Posted by on April 14th, 2014 at 9:12 am

Bikes at Earth Day

Bikes on the Springwater path.
(Photo by J.Maus/BikePortland)

— This week’s Monday Roundup is sponsored by ABUS Security, makers of locks that can “thwart even the cleverest of thieves.”

Here are the bike links from around the world that caught our eyes this week:

Biker hits and runs: “BAM! He hit me and just kept going,” said a woman who says her arm was broken by a man on a bicycle who hit her on the Springwater Corridor and then (illegally) left the scene last month.

Bike golfing: Vail Golf Club is adding a third mode for golfers: they can walk; they can take an electric cart; or they can now bike their clubs to the tee.

Drone injury: A flying drone that was filming a bike race whacked a triathlete in the head and sent her to the hospital.

Less congestion: Auto traffic in Seattle has been consistently falling since 2003. Go ahead, read that sentence again. (The population has grown 11 percent and transit use is up 40 percent.)

Clean mobility: You might have heard IPCC’s new warnings that climate change is already wreaking havoc, but you might have missed its praise for bike infrastructure as part of the solution.

Driving distractions: Some seem to think it might not be a good idea to let you operate iPhone apps from your car dashboard.

Bike adventuring: “Bikepacking has become a world wide epidemic,” declares the new-ish Bikepackers Magazine.

The end of Share the Road: Bike Delaware explains why it convinced the state to drop the confusing slogan “Share the Road.”

Historic vehicle: The bike of barrier-breaking African-American racer Major Taylor could be yours for $20,000.

Uber saddles up: Wired says Upscale taxi app Uber is creating a dispatch platform for bike messengers as part of a plan to create a delivery logistics service that could compete with Amazon’s.

Data source: There’s a beautiful and comprehensive set of transportation trends being charted at google.com/publicdata.

The good fight?Whatever happened to the War on the Car?” a Toronto writer says. “I miss it.”

Biking with disabilities: Chicago-based Ding Ding Let’s Ride has a nice series of blog posts about adaptive bikes, vehicles customized for people with disabilities.

Malfunctioning traffic systems: The State of Washington now lets motorcycles, but not bicycles, ignore red lights that fail to detect them.

Road diets work: The new data site FiveThirtyEight uses 12 streets in Minneapolis and New York to show that road diets don’t cause traffic jams on roads that are well below capacity.

Missouri victory: In Missouri, a state legislator briefly held up a bipartisan sales tax hike deal in order to block the state’s first bill that would let the state spend transportation money on bike paths.

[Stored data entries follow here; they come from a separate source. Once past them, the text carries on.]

lemma quasi_monotone_dominates_translates:
  fixes f :: "real \<Rightarrow> 'a::real_normed_vector" and \<beta> \<kappa> :: "'i \<Rightarrow> real"
  assumes quasi_mono: "\<And>b. b > 0 \<Longrightarrow> \<exists>C>0. \<forall>x>0. norm (f (x + b)) < C * norm (f x)"
    and "finite T" "finite St" and gap: "\<forall>i\<in>T. \<forall>s\<in>St. \<beta> i + s < b"
  obtains K where "K > 0"
    "\<And>x s. s \<in> St \<Longrightarrow> b < x + s \<Longrightarrow>
       (\<Sum>i\<in>T. \<kappa> i * norm (f (x - \<beta> i))) \<le> K * norm (f (x + s - b))"
proof -
  obtain C where C: "\<And>b. b > 0 \<Longrightarrow> C b > 0" "\<And>b x. b > 0 \<Longrightarrow> x > 0 \<Longrightarrow> norm (f (x + b)) < C b * norm (f x)"
    using quasi_mono by metis
  define K where "K = (\<Sum>i\<in>T. \<Sum>s\<in>St. \<bar>\<kappa> i\<bar> * C (b - \<beta> i - s)) + 1"
  have K_terms: "0 \<le> \<bar>\<kappa> i\<bar> * C (b - \<beta> i - s)" if "i \<in> T" "s \<in> St" for i s
    using C(1)[of "b - \<beta> i - s"] gap that by fastforce
  have "K > 0"
    unfolding K_def using K_terms by (simp add: add_nonneg_pos sum_nonneg)
  moreover have "(\<Sum>i\<in>T. \<kappa> i * norm (f (x - \<beta> i))) \<le> K * norm (f (x + s - b))"
    if s: "s \<in> St" and x: "b < x + s" for x s
  proof -
    have "\<kappa> i * norm (f (x - \<beta> i)) \<le> (\<Sum>s'\<in>St. \<bar>\<kappa> i\<bar> * C (b - \<beta> i - s')) * norm (f (x + s - b))"
      if i: "i \<in> T" for i
    proof -
      have "norm (f (x - \<beta> i)) = norm (f ((x + s - b) + (b - \<beta> i - s)))"
        by simp
      also have "\<dots> \<le> C (b - \<beta> i - s) * norm (f (x + s - b))"
        using C(2)[of "b - \<beta> i - s" "x + s - b"] gap i s x by fastforce
      finally have bound: "norm (f (x - \<beta> i)) \<le> C (b - \<beta> i - s) * norm (f (x + s - b))" .
      have "\<kappa> i * norm (f (x - \<beta> i)) \<le> \<bar>\<kappa> i\<bar> * norm (f (x - \<beta> i))"
        by (simp add: mult_right_mono)
      also have "\<dots> \<le> \<bar>\<kappa> i\<bar> * C (b - \<beta> i - s) * norm (f (x + s - b))"
        using bound by (simp add: mult.assoc mult_left_mono)
      also have "\<dots> \<le> (\<Sum>s'\<in>St. \<bar>\<kappa> i\<bar> * C (b - \<beta> i - s')) * norm (f (x + s - b))"
        using K_terms i s \<open>finite St\<close> by (intro mult_right_mono member_le_sum) auto
      finally show ?thesis .
    qed
    then have "(\<Sum>i\<in>T. \<kappa> i * norm (f (x - \<beta> i)))
        \<le> (\<Sum>i\<in>T. \<Sum>s'\<in>St. \<bar>\<kappa> i\<bar> * C (b - \<beta> i - s')) * norm (f (x + s - b))"
      by (simp add: sum_distrib_right sum_mono)
    also have "\<dots> \<le> K * norm (f (x + s - b))"
      by (simp add: K_def mult_right_mono)
    finally show ?thesis .
  qed
  ultimately show ?thesis
    using that by blast
qed

lemma superexponential_decay_excludes_geometric_growth:
  fixes f :: "real \<Rightarrow> 'a::real_normed_vector"
  assumes decay: "\<And>c. c > 0 \<Longrightarrow> ((\<lambda>x. norm (f x) * exp (c * x)) \<longlongrightarrow> 0) at_top"
    and "\<delta> > 0" "r > 0"
    and gaps: "\<And>k. y k + \<delta> \<le> y (Suc k)"
    and growth: "\<And>k. r * norm (f (y k)) \<le> norm (f (y (Suc k)))"
  shows "f (y 0) = 0"
proof -
  \<comment> \<open>Chosen so that \<open>r * exp (c * \<delta>) \<ge> 1\<close>, which makes \<open>\<phi>\<close> below nondecreasing.\<close>
  define c where "c = (\<bar>ln r\<bar> + 1) / \<delta>"
  have "c > 0"
    using \<open>\<delta> > 0\<close> by (simp add: c_def add_nonneg_pos)
  have "1 \<le> r * exp (c * \<delta>)"
  proof -
    have "0 \<le> ln r + c * \<delta>"
      using \<open>\<delta> > 0\<close> by (simp add: c_def)
    then have "1 \<le> exp (ln r + c * \<delta>)"
      by simp
    then show ?thesis
      using \<open>r > 0\<close> by (simp add: exp_add)
  qed
  define \<phi> where "\<phi> k = norm (f (y k)) * exp (c * y k)" for k
  have "\<phi> 0 \<le> \<phi> k" for k
  proof (induction k)
    case (Suc k)
    have "\<phi> k \<le> r * exp (c * \<delta>) * \<phi> k"
      using mult_right_mono[OF \<open>1 \<le> r * exp (c * \<delta>)\<close>, of "\<phi> k"] by (simp add: \<phi>_def)
    also have "\<dots> = r * norm (f (y k)) * exp (c * (y k + \<delta>))"
      by (simp add: \<phi>_def exp_add distrib_left mult_ac)
    also have "\<dots> \<le> \<phi> (Suc k)"
      unfolding \<phi>_def using growth[of k] gaps[of k] \<open>c > 0\<close> by (intro mult_mono) auto
    finally show ?case
      using Suc by simp
  qed simp
  moreover have "filterlim y at_top sequentially"
  proof (rule filterlim_at_top_mono)
    show "filterlim (\<lambda>k. y 0 + real k * \<delta>) at_top sequentially"
      using \<open>\<delta> > 0\<close> by real_asymp
    have "y 0 + real k * \<delta> \<le> y k" for k
    proof (induction k)
      case (Suc k)
      then show ?case
        using gaps[of k] by (simp add: algebra_simps)
    qed simp
    then show "\<forall>\<^sub>F k in sequentially. y 0 + real k * \<delta> \<le> y k"
      by simp
  qed
  then have "\<phi> \<longlonglongrightarrow> 0"
    unfolding \<phi>_def by (rule filterlim_compose[OF decay[OF \<open>c > 0\<close>]])
  ultimately have "\<phi> 0 \<le> 0"
    by (intro LIMSEQ_le_const) auto
  then show ?thesis
    by (simp add: \<phi>_def mult_le_0_iff)
qed

lemma finite_uniform_gap_below:
  fixes \<beta> :: "'i \<Rightarrow> real"
  assumes "finite T" "\<forall>i\<in>T. \<beta> i < b"
  obtains d where "d > 0" "\<forall>i\<in>T. \<beta> i + d \<le> b"
proof (cases "T = {}")
  case False
  define d where "d = Min ((\<lambda>i. b - \<beta> i) ` T)"
  have "d > 0"
    using assms False Min_in[of "(\<lambda>i. b - \<beta> i) ` T"] by (auto simp: d_def)
  moreover have "d \<le> b - \<beta> i" if "i \<in> T" for i
    unfolding d_def using assms(1) that by (intro Min_le) auto
  ultimately show ?thesis
    using that by force
qed (use that[of 1] in auto)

He backed down.

Danish bike spike: Even Copenhagers are confused about why a new study found a 35 percent jump last year in the length of the average bike trip.

Bike talk: If you are a cute boy with a beard from Portland, these successful and attractive women from Vancouver and SF want to talk about you (among other awesome things).

Post-grief activism: Aaron Naparstek is sort of over ghost bikes, the Streetsblog founder tells The Bicycle Story’s in Part 2 of a first-rate Q&A.

Stop sign stings: Happy spring! Time for the police in Urbana, Ill., to start ticketing students who run stop signs on bikes.

Profitable bike sharing: The New Balance Hubway system in Boston is operating in the black and planning to expand, thanks in part to a deep cut to the fees Alta Bicycle Share collects for each docking.

And finally: it took 18 bikers and a 50-foot-long custom trailer to haul a 1/2 ton grand piano (with pianists, performing an original work to cheer everyone along) up the longest continuous ascent in England. It’s your video of the week:

If you come across a noteworthy bicycle story, send it in via email, Tweet @bikeportland, or whatever else and we’ll consider adding it to next Monday’s roundup.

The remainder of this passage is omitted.